**EXERCISE INSTRUCTIONS:**
Go through the records below and write each one out again unchanged.

= Beginning of Section =

text \<open>Conditioning on all but the first summand, \<open>\<omega>\<close> is an affine image of a Gamma(1,1)
  variable, which has a density.\<close>

lemma absolutely_continuous_PG_1_0: "absolutely_continuous lborel (PG 1 0)"
  unfolding absolutely_continuous_def
proof (intro subsetI)
  fix A :: "real set" assume A: "A \<in> null_sets lborel"
  then have [measurable]: "A \<in> sets borel" by auto
  interpret S: sequence_space "gamma_dist 1"
    by (auto simp: sequence_space_def product_prob_space_def product_prob_space_axioms_def
        product_sigma_finite_def prob_space_imp_sigma_finite prob_space_gamma_dist_1)
  interpret G: prob_space "gamma_dist 1" by (rule prob_space_gamma_dist_1)
  interpret Gseq: prob_space gamma_seq by (rule prob_space_gamma_seq)
  interpret P: pair_prob_space "gamma_dist 1" gamma_seq ..
  have "emeasure (PG 1 0) A = (\<integral>\<^sup>+x. indicator A x \<partial>PG 1 0)"
    by simp
  also have "\<dots> = (\<integral>\<^sup>+gs. indicator A (pg_series gs) \<partial>gamma_seq)"
    unfolding PG_1_0_eq_distr by (subst nn_integral_distr) auto
  also have "\<dots> = (\<integral>\<^sup>+x. indicator A (pg_series (case_prod case_nat x)) \<partial>(gamma_dist 1 \<Otimes>\<^sub>M gamma_seq))"
    by (subst S.PiM_iter[symmetric]) (auto simp: nn_integral_distr split_beta')
  also have "\<dots> = (\<integral>\<^sup>+\<omega>. (\<integral>\<^sup>+s. indicator A (pg_series (case_nat s \<omega>)) \<partial>gamma_dist 1) \<partial>gamma_seq)"
    by (subst P.nn_integral_snd[symmetric]) (auto simp: split_beta')
  also have "\<dots> = (\<integral>\<^sup>+\<omega>. 0 \<partial>gamma_seq)"
  proof (rule nn_integral_cong_AE)
    show "AE \<omega> in gamma_seq. (\<integral>\<^sup>+s. indicator A (pg_series (case_nat s \<omega>)) \<partial>gamma_dist 1) = 0"
      using AE_gamma_seq
    proof eventually_elim
      case (elim \<omega>)
      then have "(\<integral>\<^sup>+s. indicator A (pg_series (case_nat s \<omega>)) \<partial>gamma_dist 1)
          = (\<integral>\<^sup>+s. indicator A (1 / (2 * pi\<^sup>2) * (\<Sum>k. \<omega> k / (real (Suc k) + 1/2)^2) + 2 / pi^2 * s) \<partial>gamma_dist 1)"
        by (intro nn_integral_cong) (simp add: pg_series_case_nat add.commute)
      also have "\<dots> = 0"
        using A by (rule nn_integral_gamma_dist_1_affine_null) simp
      finally show ?case .
    qed
  qed
  finally show "A \<in> null_sets (PG 1 0)"
    by (simp add: null_sets_def)
qed

lemma nn_integral_PG_density:
  assumes [measurable]: "f \<in> borel_measurable borel"
  shows "(\<integral>\<^sup>+x. f x \<partial>PG 1 0) = (\<integral>\<^sup>+x. PG_density 1 0 x * f x \<partial>lborel)"
  unfolding PG_density_def
  by (rule sigma_finite_measure.RN_deriv_nn_integral[OF sigma_finite_lborel absolutely_continuous_PG_1_0]) auto

lemma borel_measurable_PG_density[measurable]: "PG_density 1 0 \<in> borel_measurable borel"
  using borel_measurable_RN_deriv[of lborel "PG 1 0"] unfolding PG_density_def by simp

section \<open>Poisson processes\<close>

lemma nn_integral_poisson_pmf_power:
  fixes a r :: real
  assumes a: "0 < a" and r: "0 \<le> r"
  shows "(\<integral>\<^sup>+n. ennreal r ^ n \<partial>measure_pmf (poisson_pmf a)) = ennreal (exp (a * (r - 1)))"
proof -
  have "(\<lambda>n. (a * r) ^ n / fact n) sums exp (a * r)"
    using exp_converges[of "a * r"] by (simp add: divide_inverse ac_simps scaleR_conv_of_real)
  then have sums: "(\<lambda>n. exp (- a) * ((a * r) ^ n / fact n)) sums (exp (- a) * exp (a * r))"
    by (rule sums_mult)
  have "(\<integral>\<^sup>+n. ennreal r ^ n \<partial>measure_pmf (poisson_pmf a))
      = (\<Sum>n. ennreal (pmf (poisson_pmf a) n) * ennreal r ^ n)"
    by (simp add: nn_integral_measure_pmf nn_integral_count_space_nat)
  also have "\<dots> = (\<Sum>n. ennreal (exp (- a) * ((a * r) ^ n / fact n)))"
    using a r by (intro suminf_cong) (simp add: ennreal_power ennreal_mult'[symmetric] power_mult_distrib)
  also have "\<dots> = ennreal (exp (- a) * exp (a * r))"
    using a r sums by (subst suminf_ennreal2) (auto simp: sums_iff)
  also have "exp (- a) * exp (a * r) = exp (a * (r - 1))"
    by (simp add: exp_add[symmetric] algebra_simps)
  finally show ?thesis .
qed

lemma prob_space_scale_measure_total:
  assumes "emeasure \<mu> (space \<mu>) = ennreal M" and "0 < M"
  shows "prob_space (scale_measure (inverse (emeasure \<mu> (space \<mu>))) \<mu>)"
proof
  show "emeasure (scale_measure (inverse (emeasure \<mu> (space \<mu>))) \<mu>)
      (space (scale_measure (inverse (emeasure \<mu> (space \<mu>))) \<mu>)) = 1"
    using assms by (simp add: space_scale_measure inverse_ennreal ennreal_mult[symmetric])
qed

lemma prob_space_poisson_process:
  assumes "emeasure \<mu> (space \<mu>) = ennreal M" and "0 < M"
  shows "prob_space (poisson_process \<mu>)"
  unfolding poisson_process_def
  by (intro prob_space_pair prob_space_PiM prob_space_scale_measure_total[OF assms] prob_space_measure_pmf)

lemma borel_measurable_poisson_process_prod:
  fixes H :: "'a \<Rightarrow> ennreal"
  assumes [measurable]: "H \<in> borel_measurable \<mu>"
  shows "(\<lambda>\<Psi>. \<Prod>j<fst \<Psi>. H (snd \<Psi> j)) \<in> borel_measurable (poisson_process \<mu>)"
  unfolding poisson_process_def
proof (rule measurable_compose_countable[where f = "\<lambda>n \<Psi>. \<Prod>j<n. H (snd \<Psi> j)" and g = fst])
  show "fst \<in> measurable (measure_pmf (poisson_pmf (measure \<mu> (space \<mu>))) \<Otimes>\<^sub>M
      PiM UNIV (\<lambda>_. scale_measure (inverse (emeasure \<mu> (space \<mu>))) \<mu>)) (count_space UNIV)"
    by (rule measurable_fst'') simp
qed measurable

= End of Section =

**YOUR SOLUTION:**
text \<open>Conditioning on all but the first summand, \<open>\<omega>\<close> is an affine image of a Gamma(1,1)
  variable, which has a density.\<close>

lemma absolutely_continuous_PG_1_0: "absolutely_continuous lborel (PG 1 0)"
  unfolding absolutely_continuous_def
proof (intro subsetI)
  fix A :: "real set" assume A: "A \<in> null_sets lborel"
  then have [measurable]: "A \<in> sets borel" by auto
  interpret S: sequence_space "gamma_dist 1"
    by (auto simp: sequence_space_def product_prob_space_def product_prob_space_axioms_def
        product_sigma_finite_def prob_space_imp_sigma_finite prob_space_gamma_dist_1)
  interpret G: prob_space "gamma_dist 1" by (rule prob_space_gamma_dist_1)
  interpret Gseq: prob_space gamma_seq by (rule prob_space_gamma_seq)
  interpret P: pair_prob_space "gamma_dist 1" gamma_seq ..
  have "emeasure (PG 1 0) A = (\<integral>\<^sup>+x. indicator A x \<partial>PG 1 0)"
    by simp
  also have "\<dots> = (\<integral>\<^sup>+gs. indicator A (pg_series gs) \<partial>gamma_seq)"
    unfolding PG_1_0_eq_distr by (subst nn_integral_distr) auto
  also have "\<dots> = (\<integral>\<^sup>+x. indicator A (pg_series (case_prod case_nat x)) \<partial>(gamma_dist 1 \<Otimes>\<^sub>M gamma_seq))"
    by (subst S.PiM_iter[symmetric]) (auto simp: nn_integral_distr split_beta')
  also have "\<dots> = (\<integral>\<^sup>+\<omega>. (\<integral>\<^sup>+s. indicator A (pg_series (case_nat s \<omega>)) \<partial>gamma_dist 1) \<partial>gamma_seq)"
    by (subst P.nn_integral_snd[symmetric]) (auto simp: split_beta')
  also have "\<dots> = (\<integral>\<^sup>+\<omega>. 0 \<partial>gamma_seq)"
  proof (rule nn_integral_cong_AE)
    show "AE \<omega> in gamma_seq. (\<integral>\<^sup>+s. indicator A (pg_series (case_nat s \<omega>)) \<partial>gamma_dist 1) = 0"
      using AE_gamma_seq
    proof eventually_elim
      case (elim \<omega>)
      then have "(\<integral>\<^sup>+s. indicator A (pg_series (case_nat s \<omega>)) \<partial>gamma_dist 1)
          = (\<integral>\<^sup>+s. indicator A (1 / (2 * pi\<^sup>2) * (\<Sum>k. \<omega> k / (real (Suc k) + 1/2)^2) + 2 / pi^2 * s) \<partial>gamma_dist 1)"
        by (intro nn_integral_cong) (simp add: pg_series_case_nat add.commute)
      also have "\<dots> = 0"
        using A by (rule nn_integral_gamma_dist_1_affine_null) simp
      finally show ?case .
    qed
  qed
  finally show "A \<in> null_sets (PG 1 0)"
    by (simp add: null_sets_def)
qed

lemma nn_integral_PG_density:
  assumes [measurable]: "f \<in> borel_measurable borel"
  shows "(\<integral>\<^sup>+x. f x \<partial>PG 1 0) = (\<integral>\<^sup>+x. PG_density 1 0 x * f x \<partial>lborel)"
  unfolding PG_density_def
  by (rule sigma_finite_measure.RN_deriv_nn_integral[OF sigma_finite_lborel absolutely_continuous_PG_1_0]) auto

lemma borel_measurable_PG_density[measurable]: "PG_density 1 0 \<in> borel_measurable borel"
  using borel_measurable_RN_deriv[of lborel "PG 1 0"] unfolding PG_density_def by simp

section \<open>Poisson processes\<close>

lemma nn_integral_poisson_pmf_power:
  fixes a r :: real
  assumes a: "0 < a" and r: "0 \<le> r"
  shows "(\<integral>\<^sup>+n. ennreal r ^ n \<partial>measure_pmf (poisson_pmf a)) = ennreal (exp (a * (r - 1)))"
proof -
  have "(\<lambda>n. (a * r) ^ n / fact n) sums exp (a * r)"
    using exp_converges[of "a * r"] by (simp add: divide_inverse ac_simps scaleR_conv_of_real)
  then have sums: "(\<lambda>n. exp (- a) * ((a * r) ^ n / fact n)) sums (exp (- a) * exp (a * r))"
    by (rule sums_mult)
  have "(\<integral>\<^sup>+n. ennreal r ^ n \<partial>measure_pmf (poisson_pmf a))
      = (\<Sum>n. ennreal (pmf (poisson_pmf a) n) * ennreal r ^ n)"
    by (simp add: nn_integral_measure_pmf nn_integral_count_space_nat)
  also have "\<dots> = (\<Sum>n. ennreal (exp (- a) * ((a * r) ^ n / fact n)))"
    using a r by (intro suminf_cong) (simp add: ennreal_power ennreal_mult'[symmetric] power_mult_distrib)
  also have "\<dots> = ennreal (exp (- a) * exp (a * r))"
    using a r sums by (subst suminf_ennreal2) (auto simp: sums_iff)
  also have "exp (- a) * exp (a * r) = exp (a * (r - 1))"
    by (simp add: exp_add[symmetric] algebra_simps)
  finally show ?thesis .
qed

lemma prob_space_scale_measure_total:
  assumes "emeasure \<mu> (space \<mu>) = ennreal M" and "0 < M"
  shows "prob_space (scale_measure (inverse (emeasure \<mu> (space \<mu>))) \<mu>)"
proof
  show "emeasure (scale_measure (inverse (emeasure \<mu> (space \<mu>))) \<mu>)
      (space (scale_measure (inverse (emeasure \<mu> (space \<mu>))) \<mu>)) = 1"
    using assms by (simp add: space_scale_measure inverse_ennreal ennreal_mult[symmetric])
qed

lemma prob_space_poisson_process:
  assumes "emeasure \<mu> (space \<mu>) = ennreal M" and "0 < M"
  shows "prob_space (poisson_process \<mu>)"
  unfolding poisson_process_def
  by (intro prob_space_pair prob_space_PiM prob_space_scale_measure_total[OF assms] prob_space_measure_pmf)

lemma borel_measurable_poisson_process_prod:
  fixes H :: "'a \<Rightarrow> ennreal"
  assumes [measurable]: "H \<in> borel_measurable \<mu>"
  shows "(\<lambda>\<Psi>. \<Prod>j<fst \<Psi>. H (snd \<Psi> j)) \<in> borel_measurable (poisson_process \<mu>)"
  unfolding poisson_process_def
proof (rule measurable_compose_countable[where f = "\<lambda>n \<Psi>. \<Prod>j<n. H (snd \<Psi> j)" and g = fst])
  show "fst \<in> measurable (measure_pmf (poisson_pmf (measure \<mu> (space \<mu>))) \<Otimes>\<^sub>M
      PiM UNIV (\<lambda>_. scale_measure (inverse (emeasure \<mu> (space \<mu>))) \<mu>)) (count_space UNIV)"
    by (rule measurable_fst'') simp
qed measurable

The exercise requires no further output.